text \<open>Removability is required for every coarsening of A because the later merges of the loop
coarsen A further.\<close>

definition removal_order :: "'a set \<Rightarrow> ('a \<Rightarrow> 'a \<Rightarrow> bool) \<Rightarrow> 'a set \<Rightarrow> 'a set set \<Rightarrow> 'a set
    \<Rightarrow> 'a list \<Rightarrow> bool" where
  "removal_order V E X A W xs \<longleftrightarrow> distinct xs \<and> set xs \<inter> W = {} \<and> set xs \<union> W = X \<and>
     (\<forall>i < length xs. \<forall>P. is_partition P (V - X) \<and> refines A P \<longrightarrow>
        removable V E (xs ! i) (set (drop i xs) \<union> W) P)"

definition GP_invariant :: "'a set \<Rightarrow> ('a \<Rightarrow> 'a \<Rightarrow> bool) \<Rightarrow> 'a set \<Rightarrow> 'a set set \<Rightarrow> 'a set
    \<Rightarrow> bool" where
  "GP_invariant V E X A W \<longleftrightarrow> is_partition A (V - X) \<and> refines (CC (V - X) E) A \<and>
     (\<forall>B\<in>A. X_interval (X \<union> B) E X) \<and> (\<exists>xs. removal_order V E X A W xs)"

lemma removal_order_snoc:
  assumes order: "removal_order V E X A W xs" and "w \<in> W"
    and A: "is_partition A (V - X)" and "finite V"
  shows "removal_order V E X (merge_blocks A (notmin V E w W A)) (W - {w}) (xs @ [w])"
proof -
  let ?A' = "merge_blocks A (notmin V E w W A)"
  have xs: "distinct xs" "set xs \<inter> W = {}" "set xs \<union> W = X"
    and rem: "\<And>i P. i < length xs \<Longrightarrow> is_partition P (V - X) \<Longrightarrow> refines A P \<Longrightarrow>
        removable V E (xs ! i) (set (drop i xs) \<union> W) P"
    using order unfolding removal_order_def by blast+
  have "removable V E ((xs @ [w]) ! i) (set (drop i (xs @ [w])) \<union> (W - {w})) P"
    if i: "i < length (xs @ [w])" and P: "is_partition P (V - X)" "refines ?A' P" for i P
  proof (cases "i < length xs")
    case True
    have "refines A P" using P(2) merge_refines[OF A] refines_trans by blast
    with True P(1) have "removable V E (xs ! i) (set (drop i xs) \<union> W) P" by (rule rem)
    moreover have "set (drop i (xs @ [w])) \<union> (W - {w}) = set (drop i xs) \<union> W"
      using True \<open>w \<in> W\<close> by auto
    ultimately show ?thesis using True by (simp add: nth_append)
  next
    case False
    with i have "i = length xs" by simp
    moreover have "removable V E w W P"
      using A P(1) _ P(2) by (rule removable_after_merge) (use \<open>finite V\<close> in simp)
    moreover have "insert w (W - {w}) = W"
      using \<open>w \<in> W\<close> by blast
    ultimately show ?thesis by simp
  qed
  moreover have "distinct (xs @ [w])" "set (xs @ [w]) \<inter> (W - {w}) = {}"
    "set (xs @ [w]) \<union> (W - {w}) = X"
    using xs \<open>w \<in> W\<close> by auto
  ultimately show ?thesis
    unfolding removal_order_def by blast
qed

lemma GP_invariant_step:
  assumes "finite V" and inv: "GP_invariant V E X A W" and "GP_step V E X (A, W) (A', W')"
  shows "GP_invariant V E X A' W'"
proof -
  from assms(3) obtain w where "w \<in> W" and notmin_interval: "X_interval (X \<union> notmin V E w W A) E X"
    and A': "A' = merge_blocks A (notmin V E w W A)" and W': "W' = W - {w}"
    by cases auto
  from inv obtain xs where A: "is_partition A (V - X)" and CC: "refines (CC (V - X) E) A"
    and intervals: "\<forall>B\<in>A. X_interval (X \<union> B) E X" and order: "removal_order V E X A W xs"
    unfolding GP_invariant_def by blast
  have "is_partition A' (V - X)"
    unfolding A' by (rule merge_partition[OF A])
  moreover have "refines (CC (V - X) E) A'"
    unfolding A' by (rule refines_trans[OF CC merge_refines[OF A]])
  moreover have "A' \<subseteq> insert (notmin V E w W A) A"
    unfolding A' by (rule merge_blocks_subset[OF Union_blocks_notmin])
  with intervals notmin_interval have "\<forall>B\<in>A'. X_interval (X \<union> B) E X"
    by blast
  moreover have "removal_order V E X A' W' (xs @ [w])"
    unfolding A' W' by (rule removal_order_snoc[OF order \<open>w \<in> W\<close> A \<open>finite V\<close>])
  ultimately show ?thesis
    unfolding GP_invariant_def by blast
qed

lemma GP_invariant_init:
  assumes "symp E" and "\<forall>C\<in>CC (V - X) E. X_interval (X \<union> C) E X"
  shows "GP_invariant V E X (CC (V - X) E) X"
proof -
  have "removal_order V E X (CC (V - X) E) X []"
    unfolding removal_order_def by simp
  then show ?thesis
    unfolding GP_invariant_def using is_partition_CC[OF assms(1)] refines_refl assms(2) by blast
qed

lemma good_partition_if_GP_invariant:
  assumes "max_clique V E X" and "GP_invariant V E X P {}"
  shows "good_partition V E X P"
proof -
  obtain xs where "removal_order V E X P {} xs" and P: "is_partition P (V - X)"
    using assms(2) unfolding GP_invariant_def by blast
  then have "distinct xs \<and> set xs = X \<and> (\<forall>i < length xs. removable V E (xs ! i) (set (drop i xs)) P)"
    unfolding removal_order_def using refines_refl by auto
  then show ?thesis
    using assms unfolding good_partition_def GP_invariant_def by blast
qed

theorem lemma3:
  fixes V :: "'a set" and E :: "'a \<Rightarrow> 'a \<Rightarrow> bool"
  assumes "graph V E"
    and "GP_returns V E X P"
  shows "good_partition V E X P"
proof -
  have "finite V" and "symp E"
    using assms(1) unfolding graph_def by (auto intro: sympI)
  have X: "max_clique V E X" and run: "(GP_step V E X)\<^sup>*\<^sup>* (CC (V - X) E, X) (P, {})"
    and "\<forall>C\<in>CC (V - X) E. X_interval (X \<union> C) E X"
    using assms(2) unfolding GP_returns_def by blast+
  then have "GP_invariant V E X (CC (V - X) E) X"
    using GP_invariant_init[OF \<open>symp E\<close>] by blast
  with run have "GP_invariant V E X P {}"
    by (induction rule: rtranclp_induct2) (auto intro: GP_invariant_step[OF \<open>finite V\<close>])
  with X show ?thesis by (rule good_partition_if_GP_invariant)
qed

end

**TASK REQUIREMENTS**:
Keep both end lines and retype everything in the records above from the line containing "E) A \<and>" through the line containing "refines_trans by blast", exactly, with nothing else.

**EXERCISE SOLUTION**:
  "GP_invariant V E X A W \<longleftrightarrow> is_partition A (V - X) \<and> refines (CC (V - X) E) A \<and>
     (\<forall>B\<in>A. X_interval (X \<union> B) E X) \<and> (\<exists>xs. removal_order V E X A W xs)"

lemma removal_order_snoc:
  assumes order: "removal_order V E X A W xs" and "w \<in> W"
    and A: "is_partition A (V - X)" and "finite V"
  shows "removal_order V E X (merge_blocks A (notmin V E w W A)) (W - {w}) (xs @ [w])"
proof -
  let ?A' = "merge_blocks A (notmin V E w W A)"
  have xs: "distinct xs" "set xs \<inter> W = {}" "set xs \<union> W = X"
    and rem: "\<And>i P. i < length xs \<Longrightarrow> is_partition P (V - X) \<Longrightarrow> refines A P \<Longrightarrow>
        removable V E (xs ! i) (set (drop i xs) \<union> W) P"
    using order unfolding removal_order_def by blast+
  have "removable V E ((xs @ [w]) ! i) (set (drop i (xs @ [w])) \<union> (W - {w})) P"
    if i: "i < length (xs @ [w])" and P: "is_partition P (V - X)" "refines ?A' P" for i P
  proof (cases "i < length xs")
    case True
    have "refines A P" using P(2) merge_refines[OF A] refines_trans by blast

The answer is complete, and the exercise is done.